◆ Exercise details ◆
Return exactly the span of lines in the following data that opens with the line containing "(\<forall>a::nat \<Rightarrow> nat." and closes with the line containing "unfolding cone_def mem_Collect_eq". Include nothing else.

Saved data entries
Start of Block

(* Let $H \subset L$ be light-cone regular, let $h_0$ be a minimal element of $H$ with respect to $\le$, and let $H' = H \setminus \{h_0\}$. Then the initial boundaries satisfy $H'_0 = (H_0 \setminus \{h_0\}) \cup \{h_0 - v_N\}$.
   Context: Let $L$ be a finitely generated $\mathbb{Z}$-module and $v_1,\dots,v_N\in L$ distinct elements linearly independent over $\mathbb{Z}_{\ge 0}$ (i.e. $\sum_i a_i v_i=0$ with all $a_i\in\mathbb{Z}_{\ge0}$ forces all $a_i=0$). Let $S=\{\sum_i a_iv_i : a_i\in\mathbb{Z}_{\ge0}\}$ and define the partial order $h_1\le h_2$ iff $h_1-h_2\in S$. Assume $v_N$ is the minimum of $\{0,v_1,\dots,v_N\}$ with respect to $\le$. A nonempty subset $H\subset L$ is light-cone regular if for every $h\in H$ the set $\{h'\in H: h'\le h\}$ is finite and $\{h'\in L: h'\ge h\}\subset H$. The initial boundary of a light-cone regular $H$ is $H_0=\{h\in H:\ h+v_i\notin H\text{ for some }i\}$. (For minimal $h_0$, the set $H\setminus\{h_0\}$ is again light-cone regular, so $H'_0$ is defined.) *)

theory Defs
  imports Main
begin

primrec nsmul :: "nat \<Rightarrow> 'a::ab_group_add \<Rightarrow> 'a" where
  "nsmul 0 x = 0"
| "nsmul (Suc n) x = x + nsmul n x"

inductive_set zspan :: "'a::ab_group_add set \<Rightarrow> 'a set" for G where
  zero: "0 \<in> zspan G"
| gen: "g \<in> G \<Longrightarrow> g \<in> zspan G"
| diff: "x \<in> zspan G \<Longrightarrow> y \<in> zspan G \<Longrightarrow> x - y \<in> zspan G"

definition fin_gen_Z_module :: "'a::ab_group_add itself \<Rightarrow> bool" where
  "fin_gen_Z_module _ \<longleftrightarrow> (\<exists>G::'a set. finite G \<and> zspan G = UNIV)"

definition nonneg_indep :: "(nat \<Rightarrow> 'a::ab_group_add) \<Rightarrow> nat \<Rightarrow> bool" where
  "nonneg_indep v N \<longleftrightarrow>
     (\<forall>a::nat \<Rightarrow> nat. (\<Sum>i\<in>{1..N}. nsmul (a i) (v i)) = 0 \<longrightarrow> (\<forall>i\<in>{1..N}. a i = 0))"

definition cone :: "(nat \<Rightarrow> 'a::ab_group_add) \<Rightarrow> nat \<Rightarrow> 'a set" where
  "cone v N = {\<Sum>i\<in>{1..N}. nsmul (a i) (v i) | a. True}"

definition cone_le :: "(nat \<Rightarrow> 'a::ab_group_add) \<Rightarrow> nat \<Rightarrow> 'a \<Rightarrow> 'a \<Rightarrow> bool" where
  "cone_le v N h1 h2 \<longleftrightarrow> h1 - h2 \<in> cone v N"

definition light_cone_regular :: "(nat \<Rightarrow> 'a::ab_group_add) \<Rightarrow> nat \<Rightarrow> 'a set \<Rightarrow> bool" where
  "light_cone_regular v N H \<longleftrightarrow> H \<noteq> {} \<and>
     (\<forall>h\<in>H. finite {h'\<in>H. cone_le v N h' h} \<and> {h'. cone_le v N h h'} \<subseteq> H)"

definition initial_boundary :: "(nat \<Rightarrow> 'a::ab_group_add) \<Rightarrow> nat \<Rightarrow> 'a set \<Rightarrow> 'a set" where
  "initial_boundary v N H = {h\<in>H. \<exists>i\<in>{1..N}. h + v i \<notin> H}"

end

theory Submission
  imports Defs
begin

text \<open>Removing \<open>h\<^sub>0\<close> from \<open>H\<close> can only add to the initial boundary the points
  \<open>h\<^sub>0 - v\<^sub>i\<close>, all of which lie in \<open>H\<close> by regularity. For \<open>i \<noteq> N\<close> the point
  \<open>h\<^sub>0 - v\<^sub>i\<close> was already in \<open>H\<^sub>0\<close>: otherwise \<open>h\<^sub>0 + (v\<^sub>N - v\<^sub>i)\<close> would be an element of \<open>H\<close>
  strictly below \<open>h\<^sub>0\<close>, since \<open>v\<^sub>N\<close> is the minimum of the generators.\<close>

lemma sum_nsmul_indicator:
  fixes v :: "nat \<Rightarrow> 'a::ab_group_add"
  assumes "i \<in> {1..N}"
  shows "(\<Sum>j\<in>{1..N}. nsmul (if j = i then 1 else 0) (v j)) = v i"
proof -
  have "(\<Sum>j\<in>{1..N}. nsmul (if j = i then 1 else 0) (v j)) = (\<Sum>j\<in>{1..N}. if j = i then v j else 0)"
    by (rule sum.cong) auto
  also have "\<dots> = v i"
    using assms by simp
  finally show ?thesis .
qed

lemma generator_in_cone:
  fixes v :: "nat \<Rightarrow> 'a::ab_group_add"
  assumes "i \<in> {1..N}"
  shows "v i \<in> cone v N"
  unfolding cone_def mem_Collect_eq
  using sum_nsmul_indicator[OF assms, of v, symmetric] by (intro exI[where x="\<lambda>j. if j = i then 1 else 0"]) simp

lemma nonneg_indep_generator_nonzero:
  fixes v :: "nat \<Rightarrow> 'a::ab_group_add"
  assumes "nonneg_indep v N" and "i \<in> {1..N}"
  shows "v i \<noteq> 0"
proof
  assume "v i = 0"
  then have "(\<Sum>j\<in>{1..N}. nsmul (if j = i then 1 else 0) (v j)) = 0"
    using sum_nsmul_indicator[OF assms(2), of v] by simp
  then have "(if i = i then 1 else 0 :: nat) = 0"
    using assms(1)[unfolded nonneg_indep_def, rule_format, of "\<lambda>j. if j = i then 1 else 0" i]
      assms(2) by blast
  then show False
    by simp
qed

lemma light_cone_regular_diff_cone:
  assumes "light_cone_regular v N H" and "h \<in> H" and "c \<in> cone v N"
  shows "h - c \<in> H"
proof -
  have "{h'. cone_le v N h h'} \<subseteq> H"
    using assms(1,2) unfolding light_cone_regular_def by blast
  moreover have "cone_le v N h (h - c)"
    using assms(3) unfolding cone_le_def by simp
  ultimately show ?thesis
    by blast
qed

lemma minimal_add_cone:
  assumes "\<forall>h\<in>H. cone_le v N h h0 \<longrightarrow> h = h0" and "h0 + c \<in> H" and "c \<in> cone v N"
  shows "c = 0"
  using assms unfolding cone_le_def by force

lemma initial_boundary_Diff_singleton:
  "initial_boundary v N (H - {h0}) =
     (initial_boundary v N H - {h0}) \<union> {h \<in> H - {h0}. \<exists>i\<in>{1..N}. h + v i = h0}"
  unfolding initial_boundary_def by blast

lemma light_cone_regular_predecessors:
  fixes v :: "nat \<Rightarrow> 'a::ab_group_add"
  assumes "light_cone_regular v N H" and "nonneg_indep v N" and "h0 \<in> H"
  shows "{h \<in> H - {h0}. \<exists>i\<in>{1..N}. h + v i = h0} = (\<lambda>i. h0 - v i) ` {1..N}"
proof -
  have "h0 - v i \<in> H - {h0}" if "i \<in> {1..N}" for i
    using light_cone_regular_diff_cone[OF assms(1,3) generator_in_cone[OF that]]
      nonneg_indep_generator_nonzero[OF assms(2) that] by simp
  then show ?thesis
    by (force simp: algebra_simps)
qed

lemma minimal_diff_generator_in_initial_boundary:
  assumes reg: "light_cone_regular v N H"
    and h0: "h0 \<in> H" "\<forall>h\<in>H. cone_le v N h h0 \<longrightarrow> h = h0"
    and ij: "i \<in> {1..N}" "j \<in> {1..N}" "cone_le v N (v j) (v i)" "v j \<noteq> v i"
  shows "h0 - v i \<in> initial_boundary v N H"
proof -
  have "v j - v i \<noteq> 0"
    using ij(4) by simp
  then have "h0 + (v j - v i) \<notin> H"
    using minimal_add_cone[OF h0(2)] ij(3) unfolding cone_le_def by blast
  then have "(h0 - v i) + v j \<notin> H"
    by (simp add: algebra_simps)
  moreover have "h0 - v i \<in> H"
    using light_cone_regular_diff_cone[OF reg h0(1) generator_in_cone[OF ij(1)]] .
  ultimately show ?thesis
    unfolding initial_boundary_def using ij(2) by blast
qed

theorem lemma3p11:
  fixes v :: "nat \<Rightarrow> 'a::ab_group_add" and N :: nat and H :: "'a set" and h0 :: 'a
  assumes fg: "fin_gen_Z_module TYPE('a)"
    and N: "N \<ge> 1"
    and dist: "inj_on v {1..N}"
    and indep: "nonneg_indep v N"
    and vN_min: "\<forall>x\<in>insert 0 (v ` {1..N}). cone_le v N (v N) x"
    and reg: "light_cone_regular v N H"
    and h0: "h0 \<in> H" "\<forall>h\<in>H. cone_le v N h h0 \<longrightarrow> h = h0"
  shows "initial_boundary v N (H - {h0}) =
           (initial_boundary v N H - {h0}) \<union> {h0 - v N}"
proof -
  have "N \<in> {1..N}"
    using N by simp
  have "(\<lambda>i. h0 - v i) ` {1..N} \<subseteq> (initial_boundary v N H - {h0}) \<union> {h0 - v N}"
  proof (rule image_subsetI)
    fix i
    assume i: "i \<in> {1..N}"
    show "h0 - v i \<in> (initial_boundary v N H - {h0}) \<union> {h0 - v N}"
    proof (cases "i = N")
      case False
      then have "v N \<noteq> v i"
        using inj_on_contraD[OF dist _ \<open>N \<in> {1..N}\<close> i] by metis
      then show ?thesis
        using minimal_diff_generator_in_initial_boundary[OF reg h0 i \<open>N \<in> {1..N}\<close>]
          vN_min i nonneg_indep_generator_nonzero[OF indep i] by simp
    qed simp
  qed
  moreover have "h0 - v N \<in> (\<lambda>i. h0 - v i) ` {1..N}"
    using \<open>N \<in> {1..N}\<close> by simp
  ultimately show ?thesis
    unfolding initial_boundary_Diff_singleton light_cone_regular_predecessors[OF reg indep h0(1)]
    by auto
qed

end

End of Block

◆ Solution ◆
     (\<forall>a::nat \<Rightarrow> nat. (\<Sum>i\<in>{1..N}. nsmul (a i) (v i)) = 0 \<longrightarrow> (\<forall>i\<in>{1..N}. a i = 0))"

definition cone :: "(nat \<Rightarrow> 'a::ab_group_add) \<Rightarrow> nat \<Rightarrow> 'a set" where
  "cone v N = {\<Sum>i\<in>{1..N}. nsmul (a i) (v i) | a. True}"

definition cone_le :: "(nat \<Rightarrow> 'a::ab_group_add) \<Rightarrow> nat \<Rightarrow> 'a \<Rightarrow> 'a \<Rightarrow> bool" where
  "cone_le v N h1 h2 \<longleftrightarrow> h1 - h2 \<in> cone v N"

definition light_cone_regular :: "(nat \<Rightarrow> 'a::ab_group_add) \<Rightarrow> nat \<Rightarrow> 'a set \<Rightarrow> bool" where
  "light_cone_regular v N H \<longleftrightarrow> H \<noteq> {} \<and>
     (\<forall>h\<in>H. finite {h'\<in>H. cone_le v N h' h} \<and> {h'. cone_le v N h h'} \<subseteq> H)"

definition initial_boundary :: "(nat \<Rightarrow> 'a::ab_group_add) \<Rightarrow> nat \<Rightarrow> 'a set \<Rightarrow> 'a set" where
  "initial_boundary v N H = {h\<in>H. \<exists>i\<in>{1..N}. h + v i \<notin> H}"

end

theory Submission
  imports Defs
begin

text \<open>Removing \<open>h\<^sub>0\<close> from \<open>H\<close> can only add to the initial boundary the points
  \<open>h\<^sub>0 - v\<^sub>i\<close>, all of which lie in \<open>H\<close> by regularity. For \<open>i \<noteq> N\<close> the point
  \<open>h\<^sub>0 - v\<^sub>i\<close> was already in \<open>H\<^sub>0\<close>: otherwise \<open>h\<^sub>0 + (v\<^sub>N - v\<^sub>i)\<close> would be an element of \<open>H\<close>
  strictly below \<open>h\<^sub>0\<close>, since \<open>v\<^sub>N\<close> is the minimum of the generators.\<close>

lemma sum_nsmul_indicator:
  fixes v :: "nat \<Rightarrow> 'a::ab_group_add"
  assumes "i \<in> {1..N}"
  shows "(\<Sum>j\<in>{1..N}. nsmul (if j = i then 1 else 0) (v j)) = v i"
proof -
  have "(\<Sum>j\<in>{1..N}. nsmul (if j = i then 1 else 0) (v j)) = (\<Sum>j\<in>{1..N}. if j = i then v j else 0)"
    by (rule sum.cong) auto
  also have "\<dots> = v i"
    using assms by simp
  finally show ?thesis .
qed

lemma generator_in_cone:
  fixes v :: "nat \<Rightarrow> 'a::ab_group_add"
  assumes "i \<in> {1..N}"
  shows "v i \<in> cone v N"
  unfolding cone_def mem_Collect_eq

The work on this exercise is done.